Your Chart of Accounts Is a Directed Graph
Every business has a chart of accounts. Most people treat it as a flat list of categories. It is not. It is a directed graph - nodes are your cost and revenue lines, edges are causal relationships between business activities and financial outcomes. The goal is to find the soft spots - edges where value is leaking that no one has named yet.
Click any node to trace its downstream causal path.
The Model
A node is any line in your P&L that you can measure: a cost center, a revenue line, a conversion metric, a quality score.
An edge is a causal relationship: “onboarding friction delays time to value,” “support load erodes satisfaction,” “pipeline quality drives win rate.” These are not correlations. They are directional causes that propagate through your business.
A soft spot is an edge where value is leaking and no one has named it yet. Every business has them. Most of the time, the people closest to the work already feel them - they just lack the language to surface them to leadership.
Finding Soft Spots
The people closest to the work already know where the soft spots are. They feel them every day. They just lack the vocabulary to name them as edges in a graph that leadership can act on. Three questions surface them:
Where do you lose the most time between receiving an input and producing an output?
Which part of your process exists only because another part fails silently?
If you had to cut one step and absorb the consequences, which step would cause the least damage?
Feed every response into the graph. Map each answer to a node or edge. The soft spots cluster. The highest-value intervention is usually sitting in the intersection of those answers.
Why This Works
Status quo: A couple of key executives intuitively understand where value leaks in the business. They carry the map in their heads. When they leave, the map leaves with them. Most other people describe problems in their own local vocabulary - “onboarding is slow,” “support is overwhelmed” - without connecting those complaints to financial outcomes.
The target state: The graph gives the entire organization a shared language. When anyone - from a frontline rep to a VP - can say “there is a soft spot on the edge between onboarding friction and time to value,” that complaint becomes actionable. It maps to a node. It connects to a dollar amount. It can be prioritized.
The power of the directed graph is not the math. It is the network effect of shared language. Every person who learns to name edges and soft spots becomes a sensor for value leakage. The more people speak the language, the more signal leadership gets, and the faster the organization names the leaks that were hiding in plain sight.
From Graph to Action
Once you find a soft spot, the AI Operations Tools evaluate what to do about it:
Thanks to James Garvey for encouraging me to formalize and publish these frameworks.

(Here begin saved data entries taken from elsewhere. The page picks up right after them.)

(* Let $k$ be a positive integer and let $G$ be a multigraph with $|E(G)|\ge 42k\log k$ and minimum degree $\delta(G)\ge 3$. Then $G$ contains $k$ edge-disjoint cycles.
   Context: Logarithms are to base $2$. Multigraphs may have parallel edges (two parallel edges form a cycle of length $2$). *)

theory Defs
  imports Complex_Main
begin

text \<open>Parallel edges are distinct edge identifiers with equal ends.\<close>

definition multigraph :: "'v set \<Rightarrow> 'e set \<Rightarrow> ('e \<Rightarrow> 'v set) \<Rightarrow> bool" where
  "multigraph V E ends \<longleftrightarrow> finite V \<and> V \<noteq> {} \<and> finite E \<and>
     (\<forall>e\<in>E. ends e \<subseteq> V \<and> card (ends e) = 2)"

definition degree :: "'e set \<Rightarrow> ('e \<Rightarrow> 'v set) \<Rightarrow> 'v \<Rightarrow> nat" where
  "degree E ends v = card {e\<in>E. v \<in> ends e}"

definition min_degree_ge :: "'v set \<Rightarrow> 'e set \<Rightarrow> ('e \<Rightarrow> 'v set) \<Rightarrow> nat \<Rightarrow> bool" where
  "min_degree_ge V E ends d \<longleftrightarrow> (\<forall>v\<in>V. d \<le> degree E ends v)"

text \<open>For n = 2 this is a pair of parallel edges.\<close>

definition is_cycle :: "'e set \<Rightarrow> ('e \<Rightarrow> 'v set) \<Rightarrow> 'e set \<Rightarrow> bool" where
  "is_cycle E ends C \<longleftrightarrow> (\<exists>vs es. length vs = length es \<and> length vs \<ge> 2 \<and>
      distinct vs \<and> distinct es \<and> set es \<subseteq> E \<and> C = set es \<and>
      (\<forall>i < length es. ends (es ! i) = {vs ! i, vs ! ((i + 1) mod length vs)}))"

end

theory Submission
  imports Defs "HOL-Library.Sublist"
begin

(* Let n = |V|, m = |E| and 2^R the least power of two exceeding n. We work with subgraphs H of
   minimum degree 2 and track their excess |E(H)| - |V(H)|, initially m - n >= m/3. Such an H has a
   cycle through at most 2R + 2 branch vertices (vertices of degree >= 3): otherwise the
   non-backtracking paths from a branch vertex that meet r further branch vertices would form a full
   binary tree up to depth R, and two of its 2^R leaves would be the same branch vertex. Deleting
   this cycle isolates its vertices of degree 2, so the excess drops by at most 2R + 2, and stripping
   vertices of degree < 2 afterwards does not lower it. The bound m >= 42 k log k leaves enough
   excess for k rounds. *)

lemma not_distinct_if_hd_eq_last:
  "length xs \<ge> 2 \<Longrightarrow> hd xs = last xs \<Longrightarrow> \<not> distinct xs"
proof (cases xs)
  case (Cons a t)
  assume "length xs \<ge> 2" "hd xs = last xs"
  then have "t \<noteq> []" using Cons by auto
  then have "last t = a" using Cons \<open>hd xs = last xs\<close> by simp
  then have "a \<in> set t" using \<open>t \<noteq> []\<close> by (metis last_in_set)
  then show ?thesis using Cons by simp
qed simp

lemma hd_butlast_eq_hd: "length xs \<ge> 2 \<Longrightarrow> hd (butlast xs) = hd xs"
  by (cases xs) auto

Worked example: SKU ingestion at retail scale
In practice, this framework is how you find the mispriced edges. Walk the chart of accounts, look for edges where the implicit per-unit cost is radically higher than it ought to be, and that's where the AI capital is worth deploying.
A concrete example: SKU ingestion in a retail holding company. The edge connecting vendor-provided-data to catalog-ready-SKU had a tariff of roughly $11 per unit - a human operator touching each SKU, fixing spec sheets, reconciling attributes. The volume flowing over that edge was in the millions. The total implied cost made the edge one of the most expensive non-revenue-producing lines on the graph.
Deployed: an AI pipeline targeted specifically at that edge. Result: per-unit cost dropped to ~$0.90 (about 92%). No other edges touched. The framework predicted this ranking; the deployment confirmed it. That is what falsifiable looks like for a framework - the prediction has to match reality or the framework is wrong.
When the graph model fails
The framework rests on a falsifiable claim: the edge with the largest mispricing is the edge where capital deployment produces the largest return. If that ranking is wrong in an environment, the framework is wrong for that environment.
- -Path dependence dominates. If attacking the largest edge requires upstream edges to be fixed first, the ranking lies about true leverage. Walk topologically, not just by magnitude.
- -The graph is wrong. If the chart of accounts hides the real causal structure (e.g., an activity-based cost is smeared across three GL lines), the edges are fiction. Rebuild the graph before ranking.
- -The mispriced edge is mispriced for a reason. Regulatory, contractual, or political constraints can make an edge untouchable. Kill it from the candidate set rather than ranking it.
- -Correlated rework. Fixing one edge can inflate adjacent edges (the classic "squeeze the balloon" problem). Score the neighborhood, not the single edge.
Rosetta Stone
Four circles, four readings of the same object. Each role reads the artifact through its own lens.
The chart of accounts is a first-order approximation of your portfolio of operating investments. Each edge has a risk-adjusted return you can estimate or compute. The graph is the map of deployable capital.
A way to make the team's felt knowledge legible. Everyone knows where the bottlenecks are; the graph gives them names and a place on the wall. An audit trail of where value moves and where it stalls.
A system diagram for the business. Nodes are services, edges are dependencies. The failing edges are where you should put your next PR.
A directed graph G=(V,E) of operating flows. The allocation problem is a vertex-weighted max-flow variant: select the edge improvements that maximize expected value under budget and correlation constraints.